FIG. 2 is a diagram showing a method for supplying an oxidizing agent, a fuel, and waste plastic and a tubular reactor.

FIG. 3 is a view showing an arrangement of a catalyst.

FIG. 4 is a diagram showing one embodiment of a waste plastic recycling system incorporating heat recovery.

FIG. 5 is a view showing the structure of a fluidized bed reactor.

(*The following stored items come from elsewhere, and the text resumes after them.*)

(* Let $\widetilde\Delta$ be a graph without isolated vertices, let $\ell:D(\widetilde\Delta)\to N$ be a voltage assignment, and let $\widetilde\Gamma$ be the lift of $\widetilde\Delta$ with respect to $\ell$. Then the following are equivalent: (i) for all $u,v,w\in V(\widetilde\Delta)$ with $u\sim v$ and $v\perp w$ we have $\ell(w,u)=\ell(w,v)$; (ii) for all $(u,m),(v,n)\in V(\widetilde\Gamma)$, we have $(u,m)\sim(v,n)$ if and only if $m=n$ and $u\sim v$.
   Context: Graphs are simple and undirected; $u\perp v$ denotes adjacency and $D(\Delta)$ is the set of darts (ordered pairs of adjacent vertices). A voltage assignment is a map $\ell:D(\Delta)\to N$ into a group with $\ell(u,v)=\ell(v,u)^{-1}$; the lift has vertex set $V(\Delta)\times N$ with $(u,m)\perp(v,n)$ iff $u\perp v$ and $\ell(u,v)=mn^{-1}$. In any graph, $u\sim v$ means that $u$ and $v$ have the same set of neighbours. *)

theory Defs
  imports Main
begin

definition simple_graph :: "'a set \<Rightarrow> ('a \<Rightarrow> 'a \<Rightarrow> bool) \<Rightarrow> bool" where
  "simple_graph V E \<longleftrightarrow>
     (\<forall>u v. E u v \<longrightarrow> u \<in> V \<and> v \<in> V) \<and>
     (\<forall>u v. E u v \<longrightarrow> E v u) \<and>
     (\<forall>u. \<not> E u u)"

definition no_isolated :: "'a set \<Rightarrow> ('a \<Rightarrow> 'a \<Rightarrow> bool) \<Rightarrow> bool" where
  "no_isolated V E \<longleftrightarrow> (\<forall>u\<in>V. \<exists>v. E u v)"

text \<open>Voltage assignment into a group (written additively, not necessarily
  commutative): l(u,v) = l(v,u)^{-1} on every dart (u,v).\<close>
definition voltage :: "('a \<Rightarrow> 'a \<Rightarrow> bool) \<Rightarrow> ('a \<Rightarrow> 'a \<Rightarrow> 'g::group_add) \<Rightarrow> bool" where
  "voltage E l \<longleftrightarrow> (\<forall>u v. E u v \<longrightarrow> l u v = - l v u)"

text \<open>Adjacency of the lift: (u,m) adjacent (v,n) iff u adj v and l(u,v) = m n^{-1}.
  Vertex set of the lift is V \<times> UNIV.\<close>
definition lift_adj :: "('a \<Rightarrow> 'a \<Rightarrow> bool) \<Rightarrow> ('a \<Rightarrow> 'a \<Rightarrow> 'g::group_add)
    \<Rightarrow> 'a \<times> 'g \<Rightarrow> 'a \<times> 'g \<Rightarrow> bool" where
  "lift_adj E l x y \<longleftrightarrow> E (fst x) (fst y) \<and> l (fst x) (fst y) = snd x + - snd y"

definition same_nbhd :: "('a \<Rightarrow> 'a \<Rightarrow> bool) \<Rightarrow> 'a \<Rightarrow> 'a \<Rightarrow> bool" where
  "same_nbhd E u v \<longleftrightarrow> {w. E u w} = {w. E v w}"

end

theory Submission
  imports Defs
begin

text \<open>The lift neighbourhood of \<open>(u, m)\<close> is the graph of \<open>w \<mapsto> - l u w + m\<close> over the
  neighbourhood of \<open>u\<close>, so \<open>(u, m) \<sim> (v, n)\<close> iff \<open>u \<sim> v\<close> and \<open>- l u w + m = - l v w + n\<close>
  for every neighbour \<open>w\<close> of \<open>u\<close>. Taking \<open>m = n = 0\<close> turns (ii) into \<open>l u w = l v w\<close> for
  \<open>u \<sim> v\<close>, which is (i) by the voltage law; conversely, under (i), evaluating at a neighbour
  of \<open>u\<close> (one exists since \<open>u\<close> is not isolated) forces \<open>m = n\<close>.\<close>

lemma same_nbhd_iff: "same_nbhd E u v \<longleftrightarrow> (\<forall>w. E u w \<longleftrightarrow> E v w)"
  unfolding same_nbhd_def by auto

lemma lift_adj_Pair_iff: "lift_adj E l (u, m) (w, k) \<longleftrightarrow> E u w \<and> k = - l u w + m"
proof -
  have "l u w = m + - k \<longleftrightarrow> l u w + k = m"
    using eq_diff_eq[of "l u w" m k] by simp
  also have "\<dots> \<longleftrightarrow> k = - l u w + m"
    by auto
  finally have "l u w = m + - k \<longleftrightarrow> k = - l u w + m" .
  then show ?thesis
    unfolding lift_adj_def by auto
qed

lemma same_nbhd_lift_adj_iff:
  "same_nbhd (lift_adj E l) (u, m) (v, n) \<longleftrightarrow>
     same_nbhd E u v \<and> (\<forall>w. E u w \<longrightarrow> - l u w + m = - l v w + n)"
proof
  assume "same_nbhd (lift_adj E l) (u, m) (v, n)"
  then have nbhd: "E u w \<and> k = - l u w + m \<longleftrightarrow> E v w \<and> k = - l v w + n" for w k
    by (auto simp: same_nbhd_iff lift_adj_Pair_iff)
  have "E u w \<longleftrightarrow> E v w" for w
    using nbhd[of w "- l u w + m"] nbhd[of w "- l v w + n"] by blast
  moreover have "- l u w + m = - l v w + n" if "E u w" for w
    using nbhd[of w "- l u w + m"] that by auto
  ultimately show "same_nbhd E u v \<and> (\<forall>w. E u w \<longrightarrow> - l u w + m = - l v w + n)"
    by (simp add: same_nbhd_iff)
next
  assume "same_nbhd E u v \<and> (\<forall>w. E u w \<longrightarrow> - l u w + m = - l v w + n)"
  then show "same_nbhd (lift_adj E l) (u, m) (v, n)"
    by (auto simp: same_nbhd_iff lift_adj_Pair_iff)
qed

lemma same_nbhd_lift_adj_iff_eq_snd:
  assumes "E u w\<^sub>0"
  shows "(\<forall>m n. same_nbhd (lift_adj E l) (u, m) (v, n) \<longleftrightarrow> m = n \<and> same_nbhd E u v) \<longleftrightarrow>
           (same_nbhd E u v \<longrightarrow> (\<forall>w. E u w \<longrightarrow> l u w = l v w))"
proof
  assume "\<forall>m n. same_nbhd (lift_adj E l) (u, m) (v, n) \<longleftrightarrow> m = n \<and> same_nbhd E u v"
  then have "same_nbhd E u v \<Longrightarrow> same_nbhd (lift_adj E l) (u, 0) (v, 0)"
    by blast
  then show "same_nbhd E u v \<longrightarrow> (\<forall>w. E u w \<longrightarrow> l u w = l v w)"
    by (simp add: same_nbhd_lift_adj_iff)
next
  assume "same_nbhd E u v \<longrightarrow> (\<forall>w. E u w \<longrightarrow> l u w = l v w)"
  then show "\<forall>m n. same_nbhd (lift_adj E l) (u, m) (v, n) \<longleftrightarrow> m = n \<and> same_nbhd E u v"
    using assms by (auto simp: same_nbhd_lift_adj_iff)
qed

lemma voltage_reverse_eq_iff:
  assumes "voltage E l" and "E u w" and "E v w"
  shows "l w u = l w v \<longleftrightarrow> l u w = l v w"
  using assms by (auto simp: voltage_def)

lemma same_nbhd_reverse_voltage_iff:
  assumes "simple_graph V E" and "voltage E l"
  shows "(\<forall>w\<in>V. same_nbhd E u v \<and> E v w \<longrightarrow> l w u = l w v) \<longleftrightarrow>
         (same_nbhd E u v \<longrightarrow> (\<forall>w. E u w \<longrightarrow> l u w = l v w))"
proof -
  have "w \<in> V" if "E v w" for w
    using assms(1) that by (simp add: simple_graph_def)
  then show ?thesis
    using voltage_reverse_eq_iff[OF assms(2)] unfolding same_nbhd_iff by blast
qed

theorem lemma2p4:
  fixes V :: "'a set" and E :: "'a \<Rightarrow> 'a \<Rightarrow> bool" and l :: "'a \<Rightarrow> 'a \<Rightarrow> 'g::group_add"
  assumes "simple_graph V E" and "no_isolated V E" and "voltage E l"
  shows "(\<forall>u\<in>V. \<forall>v\<in>V. \<forall>w\<in>V. same_nbhd E u v \<and> E v w \<longrightarrow> l w u = l w v)
     \<longleftrightarrow> (\<forall>x\<in>V \<times> UNIV. \<forall>y\<in>V \<times> UNIV.
            same_nbhd (lift_adj E l) x y \<longleftrightarrow> snd x = snd y \<and> same_nbhd E (fst x) (fst y))"
proof -
  have pointwise:
    "(\<forall>w\<in>V. same_nbhd E u v \<and> E v w \<longrightarrow> l w u = l w v) \<longleftrightarrow>
     (\<forall>m n. same_nbhd (lift_adj E l) (u, m) (v, n) \<longleftrightarrow> m = n \<and> same_nbhd E u v)" if "u \<in> V" for u v
  proof -
    obtain w\<^sub>0 where "E u w\<^sub>0"
      using assms(2) \<open>u \<in> V\<close> unfolding no_isolated_def by blast
    then show ?thesis
      by (simp only: same_nbhd_reverse_voltage_iff[OF assms(1,3)] same_nbhd_lift_adj_iff_eq_snd)
  qed
  have "(\<forall>u\<in>V. \<forall>v\<in>V. \<forall>w\<in>V. same_nbhd E u v \<and> E v w \<longrightarrow> l w u = l w v) \<longleftrightarrow>
        (\<forall>u\<in>V. \<forall>v\<in>V. \<forall>m n.
           same_nbhd (lift_adj E l) (u, m) (v, n) \<longleftrightarrow> m = n \<and> same_nbhd E u v)"
    by (simp add: pointwise)
  also have "\<dots> \<longleftrightarrow> (\<forall>x\<in>V \<times> UNIV. \<forall>y\<in>V \<times> UNIV.
            same_nbhd (lift_adj E l) x y \<longleftrightarrow> snd x = snd y \<and> same_nbhd E (fst x) (fst y))"
    by auto
  finally show ?thesis .
qed

end
(* Let $n\ge1$ and let $\Sigma\subset\mathbb R^{n+1}$ be a closed set which is parabolic ADR with constant $M$ and which satisfies the (two-sided) corkscrew condition with constant $\gamma_0\in(0,1)$. Assume in addition that $\Sigma$ is parabolic uniformly rectifiable with constants $(M,\tilde M)$. Then $\Sigma$ satisfies the weak time-synchronized two cube condition with a constant $\gamma_1\in(0,1)$ depending only on $n,M,\gamma_0,\tilde M$.
   Context: Points of $\mathbb R^{n+1}$ are written $(X,t)$, $X\in\mathbb R^n$, $t\in\mathbb R$. Parabolic distance: $d_p((X,t),(Y,s))=|X-Y|+|t-s|^{1/2}$; diameters and distances are measured in this metric. Parabolic cube: $Q_r(X,t)=\{(Y,s): |y_i-x_i|<r,\ i=1,\dots,n,\ |t-s|<r^2\}$. $\mathcal H^{n+1}_p$ is the $(n+1)$-dimensional Hausdorff measure built with $d_p$-diameters; for closed $\Sigma$, $\sigma=\mathcal H^{n+1}_p$ restricted to $\Sigma$, $\Delta(X,t,r)=\Sigma\cap Q_r(X,t)$, $T_0$ and $T_1$ are the infimum and supremum of time coordinates of points of $\Sigma$. Parabolic ADR with constant $M$: $M^{-1}r^{n+1}\le\sigma(\Delta(X,t,r))\le Mr^{n+1}$ for $(X,t)\in\Sigma$, $T_0<t<T_1$, $0<r<\operatorname{diam}\Sigma$. Parabolic uniform rectifiability with constants $(M,\tilde M)$: $\Sigma$ is parabolic ADR with constant $M$ and, setting $\beta(Z,\tau,r)=\inf_P\big(r^{-n-1}\iint_{\Delta(Z,\tau,r)}(d_p((Y,s),P)/r)^2\,d\sigma(Y,s)\big)^{1/2}$ (infimum over $n$-dimensional planes $P$ containing a line parallel to the $t$-axis) and $d\nu(Z,\tau,r)=\beta^2(Z,\tau,r)\,d\sigma(Z,\tau)\,r^{-1}dr$, one has $\sup_{(X,t)\in\Sigma,\rho>0}\rho^{-n-1}\nu(\Delta(X,t,\rho)\times(0,\rho))\le\tilde M$. Corkscrew condition with constant $\gamma_0\in(0,1)$: for all $(X,t)\in\Sigma$ with $T_0<t<T_1$ and $0<r<\operatorname{diam}\Sigma$ there are parabolic cubes $Q_\rho(X_1,t_1),Q_\rho(X_2,t_2)\subset Q_r(X,t)$ with $\gamma_0r\le\rho<r$ such that $Q_\rho(X_i,t_i)\cap(\mathbb R^n\times(T_0,T_1))$, $i=1,2$, lie in different connected components of $\mathbb R^{n+1}\setminus\Sigma$. Weak time-synchronized two cube condition with constant $\gamma_1$: the same with $\gamma_1$ in place of $\gamma_0$ and additionally $t_1=t_2$. *)

theory Defs
  imports "HOL-Analysis.Analysis"
begin
lemma green_function_of_green_matrix:
  assumes "2 \<le> m" and G: "green_matrix a b m Q \<alpha> \<beta> G"
  shows "green_function a b m Q \<alpha> \<beta> (\<lambda>t s. inverse (\<i> ^ m) * G t s 0 (m - 1))"
  unfolding green_function_def
proof (intro allI impI conjI)
  fix f
  assume "L2_on {a..b} f"
  then have "\<forall>k<m. L1_on {a..b} (\<lambda>s. scalar_forcing m f s k)"
    by (blast intro: L1_on_scalar_forcing)
  then have solvable: "\<exists>w. fo_solution a b m Q \<alpha> \<beta> (scalar_forcing m f) w"
    and representation: "\<And>w t k. fo_solution a b m Q \<alpha> \<beta> (scalar_forcing m f) w \<Longrightarrow> t \<in> {a<..<b} \<Longrightarrow> k < m \<Longrightarrow>
      w t k = integral {a..b} (\<lambda>s. \<Sum>j<m. G t s k j * scalar_forcing m f s j)"
    using G unfolding green_matrix_def by blast+
  show "\<exists>y. sc_solution a b m Q \<alpha> \<beta> f y"
    using solvable fo_solution_imp_sc_solution[OF assms(1)] by blast
  show "\<forall>t\<in>{a<..<b}. y t = integral {a..b} (\<lambda>s. inverse (\<i> ^ m) * G t s 0 (m - 1) * f s)"
    if y: "sc_solution a b m Q \<alpha> \<beta> f y" for y
  proof
    fix t
    assume t: "t \<in> {a<..<b}"
    obtain w where w: "fo_solution a b m Q \<alpha> \<beta> (scalar_forcing m f) w" and "\<forall>t\<in>{a..b}. w t 0 = y t"
      using sc_solution_imp_fo_solution[OF assms(1) y] .
    then have "y t = w t 0"
      using t by auto
    also have "\<dots> = integral {a..b} (\<lambda>s. \<Sum>j<m. G t s 0 j * scalar_forcing m f s j)"
      using representation[OF w t] assms(1) by simp
    also have "\<dots> = integral {a..b} (\<lambda>s. inverse (\<i> ^ m) * G t s 0 (m - 1) * f s)"
      using assms(1) by (simp add: sum_mult_scalar_forcing mult_ac)
    finally show "y t = integral {a..b} (\<lambda>s. inverse (\<i> ^ m) * G t s 0 (m - 1) * f s)" .
  qed
qed
text \<open>Vincular pattern containment: A is the set of (0-based) pattern indices i such that
  entries i and i+1 of the pattern are both underlined and adjacent, so their images must be
  consecutive positions.\<close>
definition contains_vinc :: "nat list \<Rightarrow> nat set \<Rightarrow> nat list \<Rightarrow> bool" where
  "contains_vinc p A w \<longleftrightarrow>
     (\<exists>f. occurs_at p w f \<and> (\<forall>i\<in>A. Suc i < length p \<longrightarrow> f (Suc i) = Suc (f i)))"

text \<open>The stack is a list whose head is the top, so the list
  reads the stack top to bottom. \<open>sc ok input stack\<close> returns the output produced.
  \<open>ok\<close> tests whether a stack content (top to bottom) is admissible.
  Pushing onto the empty stack gives a one-element stack, which avoids every pattern of length
  at least 2, so it is always allowed.\<close>
fun sc :: "(nat list \<Rightarrow> bool) \<Rightarrow> nat list \<Rightarrow> nat list \<Rightarrow> nat list" where
  "sc ok [] st = st"
| "sc ok (x # xs) [] = sc ok xs [x]"
| "sc ok (x # xs) (y # st) =
     (if ok (x # y # st) then sc ok xs (x # y # st) else y # sc ok (x # xs) (st))"

definition SC :: "nat list \<Rightarrow> nat set \<Rightarrow> nat list \<Rightarrow> nat list" where
  "SC p A \<tau> = sc (\<lambda>st. \<not> contains_vinc p A st) \<tau> []"

definition west_s :: "nat list \<Rightarrow> nat list" where
  "west_s \<tau> = SC [2, 1] {} \<tau>"
theorem theorem6p4:
  fixes q m :: nat and g11 g12 :: "'a::{finite,field_gcd} poly"
  assumes "prime_power q"
    and "card (UNIV :: 'a set) = q ^ 2"
    and "m \<ge> 1"
    and "coprime q m"
    and "g11 dvd xm1 m"
    and "degree g12 < m"
  shows "herm_LCD q m (qc_code_1gen m g11 g12) \<longleftrightarrow>
    gcd (xm1 m div gcd g11 g12)
        (g11 * hat_poly q m g11 + g12 * hat_poly q m g12) = 1"
proof -
  obtain k where "k > 0" and q: "q = CHAR('a) ^ k"
    using prime_power_card_square_imp_CHAR_power assms(1,2) by blast
  have char: "prime CHAR('a)" by (intro prime_CHAR_semidom finite_imp_CHAR_pos) simp
  interpret hermitian "\<lambda>c::'a. c ^ q" m q
  proof
    show "(x + y) ^ q = x ^ q + y ^ q" for x y :: 'a
      using char q by (rule freshmans_dream')
    show "(x ^ q) ^ q = x" for x :: 'a
      using finite_field_power_card_eq_self[of x] assms(2)
      by (simp add: power2_eq_square flip: power_mult)
  qed (use assms(3) in \<open>simp_all add: power_mult_distrib\<close>)
  have "of_nat m \<noteq> (0::'a)"
  proof
    assume "of_nat m = (0::'a)"
    then have "CHAR('a) dvd gcd q m" using q \<open>k > 0\<close> by (simp add: of_nat_eq_0_iff_char_dvd)
    then show False using char assms(4) by simp
  qed
  show ?thesis
    by (rule herm_LCD_qc_code_iff[OF squarefree_xm1[OF \<open>of_nat m \<noteq> 0\<close>] assms(5,6)])
qed

end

──────────────────────────────────────────────────の Continued on the front page (51) Int.Cl. ⁶ Identification symbol FI // B29K 101: 00 105: 26 (72) Inventor Hiroshi Tobita 1-1-1, Omikacho, Hitachi City, Ibaraki Prefecture Hitachi, Ltd. Inside Hitachi, Ltd. (72) Inventor Toshio Yamashita 7-1-1, Omika-cho, Hitachi City, Ibaraki Prefecture Inside Hitachi, Ltd. Hitachi, Ltd. (72) Toshihiko Fukushima 502, Kandamachi, Tsuchiura City, Ibaraki Prefecture Hitachi, Ltd. Inside the Machinery Research Laboratory

Claims (13)

[Claims] 1. A waste plastic recycling system that converts waste plastic into monomers, oils, gases, etc. by using supercritical water and converts it into a reusable form. A waste plastic recycling system characterized in that the temperature of the water is raised to a supercritical or subcritical state by burning, and then the waste plastic is supplied to convert the waste plastic into monomers, oil, gas, etc. . 2. The reaction temperature according to claim 1, wherein the reaction temperature is controlled by changing the fuel supply based on the composition of the waste plastic after being converted into monomers, oils, gases and the like. Waste plastic recycling system. 3. The method of claim 1, wherein the fuel is a hydrocarbon,
Or / and alcohol, said oxidant is hydrogen peroxide,
Waste plastic recycling system characterized by being oxygen or / and air. 4. The waste plastic recycling system according to claim 1, wherein the reaction between the fuel and the oxidant proceeds by coexistence of an oxidation catalyst. 5. The waste plastic recycling system according to claim 4, wherein the oxidation catalyst contains a Group VIII element of the periodic table. 6. The waste plastic recycling system according to claim 1, wherein the supply amount of the oxidizing agent is controlled using the oxygen concentration before the supply of the waste plastic. 7. The waste plastic recycling system according to claim 1, wherein said waste plastic is crushed and supplied after being mixed with water. 8. The method according to claim 1, wherein said waste plastic is converted into a monomer, an oil, and a gas after water-monomer, an oil,
Alternatively, a waste plastic recycling system is characterized in that the heat of a gas is recovered and used for part of the temperature rise of the water, and after the temperature is lowered, a monomer, oil or gas is separated from the water and the water is reused. 9. A waste plastic recycling system for converting waste plastic into monomers, oils, gases, etc. by means of supercritical water and converting it into a reusable form, wherein water is supplied from an inlet of a tubular reactor and a reaction tube is provided. The fuel and the oxidizing agent are supplied from the two branch pipes provided in the tank, respectively, and the fuel is burned to raise the temperature of the water to a supercritical or subcritical state. A waste plastic recycling system, characterized in that a branch pipe for supplying waste plastic or waste plastic-water mixture is provided on the downstream side. 10. The waste plastic recycling system according to claim 9, wherein an oxidation catalyst layer is provided in a fuel combustion portion between said two branch pipes and a branch pipe provided downstream thereof. 11. A waste plastic recycling system for converting waste plastic into monomers, oils, gases, etc. by using supercritical water and converting it into a reusable form. An agent is supplied, and the temperature of the water is raised by combustion of the fuel to supercritical or subcritical water, and waste plastic or waste plastic-water mixture is supplied thereto to convert the waste plastic into monomers and oil. Waste plastic recycling system characterized by conversion into gas, etc. 12. The waste plastic recycling system according to claim 11, wherein the fluidized bed contains a basic compound. 13. The waste plastic recycling system according to claim 11, wherein the fluidized medium contained in the fluidized bed reactor contains an oxidation catalyst, or the fluidized medium contains an oxidation catalyst.